**What is expected**
Across the listing below, count every line where the string "assms" appears, then give only the count.

**Entries shown**
(* Let $\mu\in[0,2]$. Then for every bivariate copula $C$, \[ \mu\,\psi(C)+\xi(C)\ \ge\ \mu\,\psi(C^{\searrow}_\mu)+\xi(C^{\searrow}_\mu). \]
   Context: For a bivariate copula $C$: $\xi(C)=6\int_0^1\int_0^1(\partial_1C(u,v))^2\,du\,dv-2$ and $\psi(C)=6\int_0^1C(u,u)\,du-2$. For $\mu\in[0,2]$ let $v_0=\frac{\mu}{2+\mu}$, $v_1=\frac{2}{2+\mu}$ and $h_\mu(t,v)=h_1(v)\mathbf{1}_{\{t\le v\}}+h_2(v)\mathbf{1}_{\{t>v\}}$, where $(h_1,h_2)(v)=(0,\frac{v}{1-v})$ on $[0,v_0]$, $(v-\frac{\mu}{2}(1-v),\,v+\frac{\mu}{2}v)$ on $(v_0,v_1]$, and $(2-\frac1v,1)$ on $(v_1,1]$; $C^{\searrow}_\mu(u,v)=\int_0^uh_\mu(t,v)\,dt$ (not necessarily a copula), with $\xi(C^{\searrow}_\mu):=6\int\int h_\mu^2-2$ and $\psi(C^{\searrow}_\mu):=6\int_0^1\int_0^1\mathbf{1}_{\{t\le v\}}h_\mu(t,v)\,dt\,dv-2$. Explicitly, with $v_1=\frac2{2+\mu}$: $\psi(C^{\searrow}_\mu)=-2v_1^2+6v_1-5+\frac1{v_1}$ and $\xi(C^{\searrow}_\mu)=-4v_1^2+20v_1-17+\frac2{v_1}-\frac1{v_1^2}-12\ln v_1$. *)

theory Defs
  imports "HOL-Analysis.Analysis"
begin

definition is_copula :: "(real \<Rightarrow> real \<Rightarrow> real) \<Rightarrow> bool" where
  "is_copula C \<longleftrightarrow>
     (\<forall>u\<in>{0..1}. C u 0 = 0 \<and> C 0 u = 0 \<and> C u 1 = u \<and> C 1 u = u) \<and>
     (\<forall>u1 u2 v1 v2. 0 \<le> u1 \<and> u1 \<le> u2 \<and> u2 \<le> 1 \<and> 0 \<le> v1 \<and> v1 \<le> v2 \<and> v2 \<le> 1 \<longrightarrow>
        C u2 v2 - C u2 v1 - C u1 v2 + C u1 v1 \<ge> 0)"

text \<open>Chatterjee's xi: 6 * int_0^1 int_0^1 (d_1 C(u,v))^2 du dv - 2
  (partial derivative in the first argument; it exists a.e., and the
  Henstock-Kurzweil integral ignores the null set where it does not).\<close>
definition xi_cop :: "(real \<Rightarrow> real \<Rightarrow> real) \<Rightarrow> real" where
  "xi_cop C = 6 * integral {0..1} (\<lambda>v. integral {0..1} (\<lambda>u. (deriv (\<lambda>t. C t v) u)^2)) - 2"

definition psi_cop :: "(real \<Rightarrow> real \<Rightarrow> real) \<Rightarrow> real" where
  "psi_cop C = 6 * integral {0..1} (\<lambda>u. C u u) - 2"

definition v0_mu :: "real \<Rightarrow> real" where "v0_mu \<mu> = \<mu> / (2 + \<mu>)"
definition v1_mu :: "real \<Rightarrow> real" where "v1_mu \<mu> = 2 / (2 + \<mu>)"

definition h1_mu :: "real \<Rightarrow> real \<Rightarrow> real" where
  "h1_mu \<mu> v = (if v \<le> v0_mu \<mu> then 0
                 else if v \<le> v1_mu \<mu> then v - \<mu>/2 * (1 - v)
                 else 2 - 1/v)"

definition h2_mu :: "real \<Rightarrow> real \<Rightarrow> real" where
  "h2_mu \<mu> v = (if v \<le> v0_mu \<mu> then v / (1 - v)
                 else if v \<le> v1_mu \<mu> then v + \<mu>/2 * v
                 else 1)"

definition h_mu :: "real \<Rightarrow> real \<Rightarrow> real \<Rightarrow> real" where
  "h_mu \<mu> t v = (if t \<le> v then h1_mu \<mu> v else h2_mu \<mu> v)"

definition xi_searrow :: "real \<Rightarrow> real" where
  "xi_searrow \<mu> = 6 * integral {0..1} (\<lambda>v. integral {0..1} (\<lambda>t. (h_mu \<mu> t v)^2)) - 2"

definition psi_searrow :: "real \<Rightarrow> real" where
  "psi_searrow \<mu> = 6 * integral {0..1} (\<lambda>v. integral {0..1}
       (\<lambda>t. (if t \<le> v then 1 else 0) * h_mu \<mu> t v)) - 2"

end

theory Submission
  imports Defs
begin

text \<open>
  Fix \<open>v \<in> (0, 1)\<close>. The section \<open>u \<mapsto> C(u, v)\<close> of a copula is nondecreasing and 1-Lipschitz, hence
  differentiable almost everywhere with \<open>\<integral>\<^sub>a\<^sup>b \<partial>\<^sub>1C(u, v) du = C(b, v) - C(a, v)\<close>. Cauchy-Schwarz on
  \<open>[0, v]\<close> and \<open>[v, 1]\<close> then gives \<open>\<integral>\<^sub>0\<^sup>1 (\<partial>\<^sub>1C)\<^sup>2 du \<ge> a\<^sup>2/v + (v - a)\<^sup>2/(1 - v)\<close> with \<open>a = C(v, v)\<close>,
  and the Frechet bounds confine \<open>a\<close> to \<open>[max 0 (2v - 1), v]\<close>. The minimum of
  \<open>\<mu> a + a\<^sup>2/v + (v - a)\<^sup>2/(1 - v)\<close> over that interval is \<open>\<mu> v h\<^sub>1(v) + v h\<^sub>1(v)\<^sup>2 + (1 - v) h\<^sub>2(v)\<^sup>2\<close>,
  the \<open>v\<close>-integrand of \<open>\<mu> \<psi>(C\<^sup>\<searrow>\<^sub>\<mu>) + \<xi>(C\<^sup>\<searrow>\<^sub>\<mu>)\<close>; integrating over \<open>v\<close> proves the theorem.
\<close>

section \<open>Lebesgue's differentiation theorem for monotone 1-Lipschitz functions\<close>

definition finely_covered :: "(real \<Rightarrow> real \<Rightarrow> bool) \<Rightarrow> real set" where
  "finely_covered P = {x. \<forall>d>0. \<exists>a b. a < x \<and> x < b \<and> b - a < d \<and> P a b}"

lemma finely_covered_mono:
  assumes "\<And>a b. a < b \<Longrightarrow> P a b \<Longrightarrow> Q a b"
  shows "finely_covered P \<subseteq> finely_covered Q"
proof
  fix x assume "x \<in> finely_covered P"
  have "\<exists>a b. a < x \<and> x < b \<and> b - a < d \<and> Q a b" if "d > 0" for d
  proof -
    obtain a b where "a < x" "x < b" "b - a < d" "P a b"
      using \<open>x \<in> finely_covered P\<close> \<open>d > 0\<close> unfolding finely_covered_def by blast
    with assms[of a b] show ?thesis by (meson less_trans)
  qed
  then show "x \<in> finely_covered Q" unfolding finely_covered_def by blast
qed

lemma not_finely_covered_iff:
  "x \<notin> finely_covered P \<longleftrightarrow> (\<exists>d>0. \<forall>a b. a < x \<longrightarrow> x < b \<longrightarrow> b - a < d \<longrightarrow> \<not> P a b)"
  unfolding finely_covered_def by blast

lemma finely_covered_borel: "finely_covered P \<in> sets borel"
proof -
  let ?U = "\<lambda>n::nat. \<Union>{{a<..<b} | a b. b - a < 1 / Suc n \<and> P a b}"
  have "finely_covered P = (\<Inter>n. ?U n)"
  proof (intro set_eqI iffI)
    fix x assume x: "x \<in> finely_covered P"
    show "x \<in> (\<Inter>n. ?U n)"
    proof
      fix n :: nat
      have "(1::real) / Suc n > 0" by simp
      with x obtain a b where "a < x" "x < b" "b - a < 1 / Suc n" "P a b"
        unfolding finely_covered_def by blast
      then show "x \<in> ?U n" by (intro UnionI[of "{a<..<b}"]) auto
    qed
  next
    fix x assume x: "x \<in> (\<Inter>n. ?U n)"
    have "\<exists>a b. a < x \<and> x < b \<and> b - a < d \<and> P a b" if "d > 0" for d
    proof -
      obtain n :: nat where n: "1 / Suc n < d"
        using \<open>d > 0\<close> by (metis nat_approx_posE)
      from x have "x \<in> ?U n" by blast
      then obtain a b where "x \<in> {a<..<b}" "b - a < 1 / Suc n" "P a b"
        by blast
      with n show ?thesis by (intro exI[of _ a] exI[of _ b]) auto
    qed
    then show "x \<in> finely_covered P" unfolding finely_covered_def by blast
  qed
  moreover have "open (?U n)" for n by (rule open_Union) auto
  ultimately show ?thesis by (auto intro: sets.countable_INT' borel_open)
qed
lemma successively_adjacent_nontrivial:
  "successively adjacent w \<Longrightarrow> w \<noteq> [] \<Longrightarrow> \<not> F_eq w []"
proof (induction "length w" arbitrary: w rule: less_induct)
  case less
  define m where "m = Min (fst ` set w)"
  have ge: "\<forall>x\<in>set w. m \<le> fst x" and m_in: "m \<in> fst ` set w"
    using less.prems(2) by (simp_all add: m_def)
  show ?case
  proof
    assume trivial: "F_eq w []"
    then have exp0: "exp_sum m w = 0"
      using exp_sum_nonzero_imp_nontrivial[OF ge] by blast
    define s where "s = length w"
    have "F_eq (replicate s (m, False) @ w) (shift_out m s w @ replicate s (m, False))"
      using F_eq_neg_power_shift_out[OF ge, of s] exp0 by (simp add: s_def)
    then have "F_eq (shift_out m s w) []"
      using trivial by (rule F_eq_conj_trivial)
    moreover have "length (shift_out m s w) < length w"
    proof -
      obtain z where "z \<in> set w" "fst z = m"
        using m_in by blast
      then have "length (filter (\<lambda>x. fst x \<noteq> m) w) < length w"
        by (intro length_filter_less) auto
      then show ?thesis
        by (simp only: length_shift_out)
    qed
    moreover have "successively adjacent (shift_out m s w)"
      using successively_adjacent_shift_out[OF less.prems(1) ge] by (simp add: s_def)
    moreover have "\<exists>x\<in>set w. fst x \<noteq> m"
    proof -
      consider x where "w = [x]" | x y r where "w = x # y # r"
        using less.prems(2) by (metis list.exhaust)
      then show ?thesis
      proof cases
        case 1
        then show ?thesis using exp0 by (auto split: if_splits)
      next
        case 2
        then have "adjacent x y"
          using less.prems(1) by simp
        then have "fst x \<noteq> fst y"
          by (auto simp: adjacent_def)
        then show ?thesis
          using 2 by (cases "fst x = m") auto
      qed
    qed
    then have "filter (\<lambda>x. fst x \<noteq> m) w \<noteq> []"
      by (simp add: filter_empty_conv)
    then have "shift_out m s w \<noteq> []"
      using length_shift_out[of m s w] by auto
    ultimately show False
      using less.hyps by blast
  qed
qed

theorem lemma3p3:
  fixes a :: word
  assumes "length a \<ge> 1"
    and "\<And>i. Suc i < length a \<Longrightarrow>
           fst (a ! Suc i) = fst (a ! i) + 1 \<or> fst (a ! Suc i) + 1 = fst (a ! i)"
  shows "\<not> F_trivial a"
proof -
  have "successively adjacent a"
    using assms(2) by (simp add: successively_conv_nth adjacent_def)
  moreover have "a \<noteq> []"
    using assms(1) by auto
  ultimately show ?thesis
    unfolding F_trivial_def by (rule successively_adjacent_nontrivial)
qed

end
(* Let $K$ be a ramified quadratic extension of $\mathbb{Q}_2$, $d=2m$ with $m$ odd, $m\ge3$, and $f=a_1x_1^d+\dots+a_sx_s^d$ with all $a_i\in\mathcal{O}\setminus\{0\}$. Suppose that for some level $k$, $f$ has two variables at level $k$ with the same $\pi$-coefficient, and either $f$ has a variable at level $k+2$ and a variable at level $k+3$, or $f$ has a variable at level $k+3$ and a variable at level $k+4$. Then $f$ has a nontrivial zero in $K$.
   Context: $\mathcal{O}$ is the ring of integers of $K$ and $\pi$ the uniformizer: $\pi=\sqrt{2},\sqrt{-2},\sqrt{10},\sqrt{-10},1+\sqrt{-1},1+\sqrt{-5}$ for $K=\mathbb{Q}_2(\sqrt2),\mathbb{Q}_2(\sqrt{-2}),\mathbb{Q}_2(\sqrt{10}),\mathbb{Q}_2(\sqrt{-10}),\mathbb{Q}_2(\sqrt{-1}),\mathbb{Q}_2(\sqrt{-5})$ respectively. Each unit $u$ has a unique expansion $u=c_0+c_1\pi+c_2\pi^2+\cdots$ with $c_j\in\{0,1\}$, $c_0=1$. Writing $a_i=\pi^r u$ with $u$ a unit, the variable $x_i$ is at level $r\bmod d$ (levels are residues modulo $d$), and its $\pi$-coefficient is $c_1$ of $u$. A nontrivial zero is a point of $K^s$, not all coordinates zero, where $f$ vanishes. *)

theory Defs
  imports Main
begin

type_synonym z2 = "nat \<Rightarrow> int"

text \<open>x n is the residue of the 2-adic integer modulo 2^n, in canonical range.\<close>
definition Z2 :: "z2 set" where
  "Z2 = {x. \<forall>n. 0 \<le> x n \<and> x n < 2 ^ n \<and> x (Suc n) mod 2 ^ n = x n}"

definition z2_of_int :: "int \<Rightarrow> z2" where
  "z2_of_int k = (\<lambda>n. k mod 2 ^ n)"

definition z2_add :: "z2 \<Rightarrow> z2 \<Rightarrow> z2" where
  "z2_add x y = (\<lambda>n. (x n + y n) mod 2 ^ n)"

definition z2_mul :: "z2 \<Rightarrow> z2 \<Rightarrow> z2" where
  "z2_mul x y = (\<lambda>n. (x n * y n) mod 2 ^ n)"

text \<open>Elements of O are pairs (a,b) standing for a + b*pi, with a, b 2-adic integers.
  The uniformizer pi satisfies pi^2 = t*pi - n, where (t,n) = Kpar D.
  K = Q_2(sqrt D) with D in {2,-2,10,-10,-1,-5}; pi = sqrt D for D in {2,-2,10,-10},
  pi = 1 + sqrt D for D in {-1,-5} (so pi^2 = 2 pi + D - 1).\<close>

type_synonym ok = "z2 \<times> z2"

definition Kpar :: "int \<Rightarrow> int \<times> int" where
  "Kpar D = (if D \<in> {-1, -5} then (2, 1 - D) else (0, - D))"

definition O_set :: "ok set" where
  "O_set = Z2 \<times> Z2"

definition ok_zero :: ok where "ok_zero = (z2_of_int 0, z2_of_int 0)"
definition ok_one :: ok where "ok_one = (z2_of_int 1, z2_of_int 0)"
definition ok_pi :: ok where "ok_pi = (z2_of_int 0, z2_of_int 1)"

**Answer area**
3